Directoryapps/scoopjoy/scoopjoy/
- Directoryapi/
  - health.py the JSON health endpoint
  - metrics.py the Prometheus exporter
Directorymonitoring/
- prometheus.yml scrape config
- alert_rules.yml alerting rules
- grafana-dashboard.json the ops dashboard
- docker-compose.yml the monitoring stack
- alertmanager.yml routing + receivers
- Directorygrafana-provisioning/ datasource + dashboard providers
  - …

Step 1: Health Check API

The endpoint runs one cheap probe per component, collects each into a checks dict, and flips the overall status to unhealthy if any probe fails. The allow_guest=True decorator lets a load balancer call it without a session, and setting frappe.local.response.http_status_code = 503 is what makes an unhealthy result detectable by Nginx upstream checks and AWS ALBs.

import frappe
import time
import os
import shutil


@frappe.whitelist(allow_guest=True)
def health_check():
    """Comprehensive health check endpoint for load balancers and monitoring.
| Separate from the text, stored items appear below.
(* Let $\Omega\subset\mathbb{R}^d$ be a bounded domain, $\kappa\in L^\infty(\Omega)$ with $\kappa\ge\kappa_0>0$, and $a(u,v)=\int_\Omega\kappa\nabla u\cdot\nabla v\,dx$, $\|u\|_a^2=a(u,u)$. Let $V_H\subset H^1_0(\Omega)$ be a finite-dimensional space with $V_H=V_{H,1}+V_{H,2}$ for subspaces $V_{H,1},V_{H,2}$, and define $$\gamma=\sup_{v_1\in V_{H,1},v_2\in V_{H,2}}\frac{(v_1,v_2)}{\|v_1\|\|v_2\|},\quad \gamma_a=\sup_{v_1\in V_{H,1},v_2\in V_{H,2}}\frac{a(v_1,v_2)}{\|v_1\|_a\|v_2\|_a},\quad \alpha=\sup_{v_2\in V_{H,2}}\frac{\|v_2\|_a}{\|v_2\|},$$ assuming $\gamma<1$ and $\gamma_a<1$. Let $\tau>0$, $N\ge2$, and let $u_{H,1}^n\in V_{H,1}$, $u_{H,2}^n\in V_{H,2}$ ($n=0,\dots,N$), $u_H^n=u_{H,1}^n+u_{H,2}^n$, satisfy for $n=1,\dots,N-1$: $$(u_H^{n+1}-2u_H^n+u_H^{n-1},w)+\frac{\tau^2}{2}a(u_{H,1}^{n+1}+u_{H,1}^{n-1}+2u_{H,2}^n,w)=0\quad\forall w\in V_{H,1},$$ $$(u_H^{n+1}-2u_H^n+u_H^{n-1},w)+\tau^2a(u_{H,1}^{n}+u_{H,2}^n,w)=0\quad\forall w\in V_{H,2}.$$ Let $E^{\frac12}=\|u_H^{1}-u_H^0\|^2+\frac{\tau^2}{2}\sum_{i=1,2}(\|u_{H,i}^{1}\|_a^2+\|u_{H,i}^0\|_a^2)+\tau^2a(u_{H,2}^{1},u_{H,1}^0)+\tau^2a(u_{H,1}^{1},u_{H,2}^0)-\frac{\tau^2}{2}\|u_{H,2}^{1}-u_{H,2}^0\|_a^2$. If $2(1-\gamma)\alpha^{-2}\ge\tau^2$, then for all $n=0,\dots,N-1$, $$\Big(1-\gamma^2-\frac{\alpha^2\tau^2}{2}\Big)\|u_{H,2}^{n+1}-u_{H,2}^n\|^2+\frac{\tau^2(1-\gamma_a)}{2}\sum_{i=1,2}\Big(\|u_{H,i}^{n+1}\|_a^2+\|u_{H,i}^n\|_a^2\Big)\le E^{\frac12}.$$
   Context: $(\cdot,\cdot)$ and $\|\cdot\|$ denote the $L^2(\Omega)$ inner product and norm. *)

theory Defs
  imports "HOL-Analysis.Analysis"
begin

text \<open>Functions on R^d are modelled as maps 'a \<Rightarrow> real with 'a a Euclidean space
 (d = DIM('a)).\<close>

fun Ck :: "nat \<Rightarrow> ('a::euclidean_space \<Rightarrow> real) \<Rightarrow> bool" where
  "Ck 0 f = continuous_on UNIV f"
| "Ck (Suc k) f = ((\<forall>x. f differentiable (at x)) \<and>
      (\<forall>i\<in>Basis. Ck k (\<lambda>x. frechet_derivative f (at x) i)))"

definition test_fun :: "'a::euclidean_space set \<Rightarrow> ('a \<Rightarrow> real) \<Rightarrow> bool" where
  "test_fun \<Omega> \<phi> \<longleftrightarrow> (\<forall>k. Ck k \<phi>) \<and> compact (closure {x. \<phi> x \<noteq> 0})
      \<and> closure {x. \<phi> x \<noteq> 0} \<subseteq> \<Omega>"

definition grad :: "('a::euclidean_space \<Rightarrow> real) \<Rightarrow> 'a \<Rightarrow> 'a" where
  "grad f x = (\<Sum>i\<in>Basis. frechet_derivative f (at x) i *\<^sub>R i)"

definition L2_on :: "'a::euclidean_space set \<Rightarrow> ('a \<Rightarrow> real) \<Rightarrow> bool" where
  "L2_on \<Omega> u \<longleftrightarrow> set_borel_measurable lebesgue \<Omega> u \<and>
      set_integrable lebesgue \<Omega> (\<lambda>x. (u x)\<^sup>2)"

definition weak_grad :: "'a::euclidean_space set \<Rightarrow> ('a \<Rightarrow> real) \<Rightarrow> ('a \<Rightarrow> 'a) \<Rightarrow> bool" where
  "weak_grad \<Omega> u g \<longleftrightarrow> (\<forall>i\<in>Basis. L2_on \<Omega> (\<lambda>x. g x \<bullet> i)) \<and>
     (\<forall>\<phi>. test_fun \<Omega> \<phi> \<longrightarrow> (\<forall>i\<in>Basis.
        (LINT x:\<Omega>|lebesgue. u x * (grad \<phi> x \<bullet> i)) = - (LINT x:\<Omega>|lebesgue. (g x \<bullet> i) * \<phi> x)))"

definition wgrad :: "'a::euclidean_space set \<Rightarrow> ('a \<Rightarrow> real) \<Rightarrow> 'a \<Rightarrow> 'a" where
  "wgrad \<Omega> u = (SOME g. weak_grad \<Omega> u g)"

definition H10 :: "'a::euclidean_space set \<Rightarrow> ('a \<Rightarrow> real) set" where
  "H10 \<Omega> = {u. L2_on \<Omega> u \<and> (\<exists>g. weak_grad \<Omega> u g \<and>
      (\<exists>\<phi>::nat \<Rightarrow> 'a \<Rightarrow> real. (\<forall>k. test_fun \<Omega> (\<phi> k)) \<and>
        (\<lambda>k. (LINT x:\<Omega>|lebesgue. (\<phi> k x - u x)\<^sup>2 + (norm (grad (\<phi> k) x - g x))\<^sup>2))
          \<longlonglongrightarrow> 0))}"

definition l2ip :: "'a::euclidean_space set \<Rightarrow> ('a \<Rightarrow> real) \<Rightarrow> ('a \<Rightarrow> real) \<Rightarrow> real" where
  "l2ip \<Omega> u v = (LINT x:\<Omega>|lebesgue. u x * v x)"

definition l2norm :: "'a::euclidean_space set \<Rightarrow> ('a \<Rightarrow> real) \<Rightarrow> real" where
  "l2norm \<Omega> u = sqrt (l2ip \<Omega> u u)"

definition aform :: "'a::euclidean_space set \<Rightarrow> ('a \<Rightarrow> real) \<Rightarrow> ('a \<Rightarrow> real) \<Rightarrow> ('a \<Rightarrow> real) \<Rightarrow> real" where
  "aform \<Omega> \<kappa> u v = (LINT x:\<Omega>|lebesgue. \<kappa> x * (wgrad \<Omega> u x \<bullet> wgrad \<Omega> v x))"

definition anorm :: "'a::euclidean_space set \<Rightarrow> ('a \<Rightarrow> real) \<Rightarrow> ('a \<Rightarrow> real) \<Rightarrow> real" where
  "anorm \<Omega> \<kappa> u = sqrt (aform \<Omega> \<kappa> u u)"

definition bounded_domain :: "'a::euclidean_space set \<Rightarrow> bool" where
  "bounded_domain \<Omega> \<longleftrightarrow> open \<Omega> \<and> connected \<Omega> \<and> bounded \<Omega> \<and> \<Omega> \<noteq> {}"

definition Linf_on :: "'a::euclidean_space set \<Rightarrow> ('a \<Rightarrow> real) \<Rightarrow> bool" where
  "Linf_on \<Omega> \<kappa> \<longleftrightarrow> set_borel_measurable lebesgue \<Omega> \<kappa> \<and>
     (\<exists>C. AE x in lebesgue. x \<in> \<Omega> \<longrightarrow> \<bar>\<kappa> x\<bar> \<le> C)"

definition fun_subspace :: "('a \<Rightarrow> real) set \<Rightarrow> bool" where
  "fun_subspace V \<longleftrightarrow> (\<lambda>x. 0) \<in> V \<and> (\<forall>u\<in>V. \<forall>v\<in>V. (\<lambda>x. u x + v x) \<in> V) \<and>
     (\<forall>c::real. \<forall>u\<in>V. (\<lambda>x. c * u x) \<in> V)"

definition fin_dim_fun_space :: "('a \<Rightarrow> real) set \<Rightarrow> bool" where
  "fin_dim_fun_space V \<longleftrightarrow> fun_subspace V \<and>
     (\<exists>B. finite B \<and> B \<subseteq> V \<and> V = {(\<lambda>x. \<Sum>b\<in>B. c b * b x) | c. True})"

definition fun_sum_space :: "('a \<Rightarrow> real) set \<Rightarrow> ('a \<Rightarrow> real) set \<Rightarrow> ('a \<Rightarrow> real) set" where
  "fun_sum_space V1 V2 = {(\<lambda>x. v1 x + v2 x) | v1 v2. v1 \<in> V1 \<and> v2 \<in> V2}"

end

theory Submission
  imports Defs "HOL-Computational_Algebra.Polynomial"
begin

(* Testing the first equation of the scheme with u_{H,1}^{n+1} - u_{H,1}^{n-1} and the second with
   u_{H,2}^{n+1} - u_{H,2}^{n-1} shows that the discrete energy E^{n+1/2} does not depend on n.
   It is bounded from below by the left-hand side of the claim using the strengthened
   Cauchy-Schwarz inequalities |(v1, v2)| <= gamma |v1| |v2| and |a(v1, v2)| <= gamma_a |v1|_a |v2|_a
   between the two subspaces, the inverse inequality |v2|_a <= alpha |v2| on V_{H,2}, and AM-GM.

   The form a is
   defined through weak gradients picked by Hilbert's choice operator, so it is bilinear only
   because weak gradients are unique almost everywhere; this is the fundamental lemma of the
   calculus of variations, proved with smooth cut-offs of boxes. The constants gamma, gamma_a and
   alpha are suprema of real sets, meaningful only because these sets are bounded; for alpha this
   uses that V_H is finite-dimensional, via Gram-Schmidt orthonormalisation modulo null vectors. *)

section \<open>Smooth cut-off functions\<close>

text \<open>\<open>C\<^sup>\<infinity>\<close> on the real line, encoded as membership in a family of differentiable
  functions that is closed under differentiation.\<close>

definition smooth_real :: "(real \<Rightarrow> real) \<Rightarrow> bool" where
  "smooth_real g \<longleftrightarrow> (\<exists>S. g \<in> S \<and> (\<forall>f\<in>S. \<exists>f'\<in>S. \<forall>t. (f has_real_derivative f' t) (at t)))"

lemma smooth_realI:
  assumes "g \<in> S" "\<And>f. f \<in> S \<Longrightarrow> \<exists>f'\<in>S. \<forall>t. (f has_real_derivative f' t) (at t)"
  shows "smooth_real g"
  using assms unfolding smooth_real_def by blast

lemma smooth_real_has_derivative:
  assumes "smooth_real g"
  obtains g' where "smooth_real g'" "\<And>t. (g has_real_derivative g' t) (at t)"
  using assms unfolding smooth_real_def by metis

lemma smooth_real_const: "smooth_real (\<lambda>t. c)"
  by (rule smooth_realI[of _ "{\<lambda>t. c, \<lambda>t. 0}"]) auto

inductive_set smooth_algebra :: "(real \<Rightarrow> real) set" where
  smooth: "smooth_real f \<Longrightarrow> f \<in> smooth_algebra"
| add: "f \<in> smooth_algebra \<Longrightarrow> g \<in> smooth_algebra \<Longrightarrow> (\<lambda>t. f t + g t) \<in> smooth_algebra"
| mult: "f \<in> smooth_algebra \<Longrightarrow> g \<in> smooth_algebra \<Longrightarrow> (\<lambda>t. f t * g t) \<in> smooth_algebra"
| inverse: "f \<in> smooth_algebra \<Longrightarrow> (\<And>t. f t \<noteq> 0) \<Longrightarrow> (\<lambda>t. inverse (f t)) \<in> smooth_algebra"
| affine: "f \<in> smooth_algebra \<Longrightarrow> (\<lambda>t. f (c * t + d)) \<in> smooth_algebra"

lemma smooth_algebra_has_derivative:
  assumes "f \<in> smooth_algebra"
  shows "\<exists>f'\<in>smooth_algebra. \<forall>t. (f has_real_derivative f' t) (at t)"
  using assms
proof induction
  case (smooth f)
  obtain f' where "smooth_real f'" "\<And>t. (f has_real_derivative f' t) (at t)"
    using smooth_real_has_derivative[OF smooth.hyps] by blast
  then show ?case by (blast intro: smooth_algebra.smooth)
next
  case (add f g)
  then obtain f' g' where f': "f' \<in> smooth_algebra" "\<And>t. (f has_real_derivative f' t) (at t)"
    and g': "g' \<in> smooth_algebra" "\<And>t. (g has_real_derivative g' t) (at t)" by blast
  have "(\<lambda>t. f' t + g' t) \<in> smooth_algebra" using f'(1) g'(1) by (rule smooth_algebra.add)
  moreover have "((\<lambda>t. f t + g t) has_real_derivative f' t + g' t) (at t)" for t
    using f'(2) g'(2) by (rule DERIV_add)
  ultimately show ?case by (intro bexI[of _ "\<lambda>t. f' t + g' t"]) simp_all
next
  case (mult f g)
  then obtain f' g' where f': "f' \<in> smooth_algebra" "\<And>t. (f has_real_derivative f' t) (at t)"
    and g': "g' \<in> smooth_algebra" "\<And>t. (g has_real_derivative g' t) (at t)" by blast
  have "(\<lambda>t. f' t * g t + g' t * f t) \<in> smooth_algebra"
    using smooth_algebra.add[OF smooth_algebra.mult[OF f'(1) mult.hyps(2)]
        smooth_algebra.mult[OF g'(1) mult.hyps(1)]] .
  moreover have "((\<lambda>t. f t * g t) has_real_derivative f' t * g t + g' t * f t) (at t)" for t
    using f'(2) g'(2) by (rule DERIV_mult)
  ultimately show ?case by (intro bexI[of _ "\<lambda>t. f' t * g t + g' t * f t"]) simp_all
next
  case (inverse f)
  then obtain f' where f': "f' \<in> smooth_algebra" "\<And>t. (f has_real_derivative f' t) (at t)" by blast
  have inv: "(\<lambda>t. inverse (f t)) \<in> smooth_algebra"
    using inverse.hyps by (rule smooth_algebra.inverse)
  have "(\<lambda>t. - 1 * f' t * (inverse (f t) * inverse (f t))) \<in> smooth_algebra"
    using smooth_algebra.mult[OF smooth_algebra.mult[OF smooth_algebra.smooth[OF smooth_real_const] f'(1)]
        smooth_algebra.mult[OF inv inv]] .
  moreover have "((\<lambda>t. inverse (f t)) has_real_derivative - 1 * f' t * (inverse (f t) * inverse (f t))) (at t)" for t
    using DERIV_inverse_fun[OF f'(2) inverse.hyps(2)] by (simp add: power2_eq_square)
  ultimately show ?case
    by (intro bexI[of _ "\<lambda>t. - 1 * f' t * (inverse (f t) * inverse (f t))"]) simp_all
next
  case (affine f c d)
  then obtain f' where f': "f' \<in> smooth_algebra" "\<And>t. (f has_real_derivative f' t) (at t)" by blast
  have "(\<lambda>t. c * f' (c * t + d)) \<in> smooth_algebra"
    using smooth_algebra.mult[OF smooth_algebra.smooth[OF smooth_real_const]
        smooth_algebra.affine[OF f'(1), of c d]] .
  moreover have "((\<lambda>t. f (c * t + d)) has_real_derivative c * f' (c * t + d)) (at t)" for t
    by (rule DERIV_chain2[OF f'(2), THEN DERIV_cong]) (auto intro!: derivative_eq_intros)
  ultimately show ?case
    by (intro bexI[of _ "\<lambda>t. c * f' (c * t + d)"]) simp_all
qed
    GET /api/method/scoopjoy.scoopjoy.api.health.health_check

    Returns:
        JSON with component statuses and overall health.
    """
    start = time.monotonic()
    checks = {}
    overall_healthy = True

    # 1. Database connectivity
    checks["database"] = _check_database()

    # 2. Redis cache connectivity
    checks["redis_cache"] = _check_redis("cache")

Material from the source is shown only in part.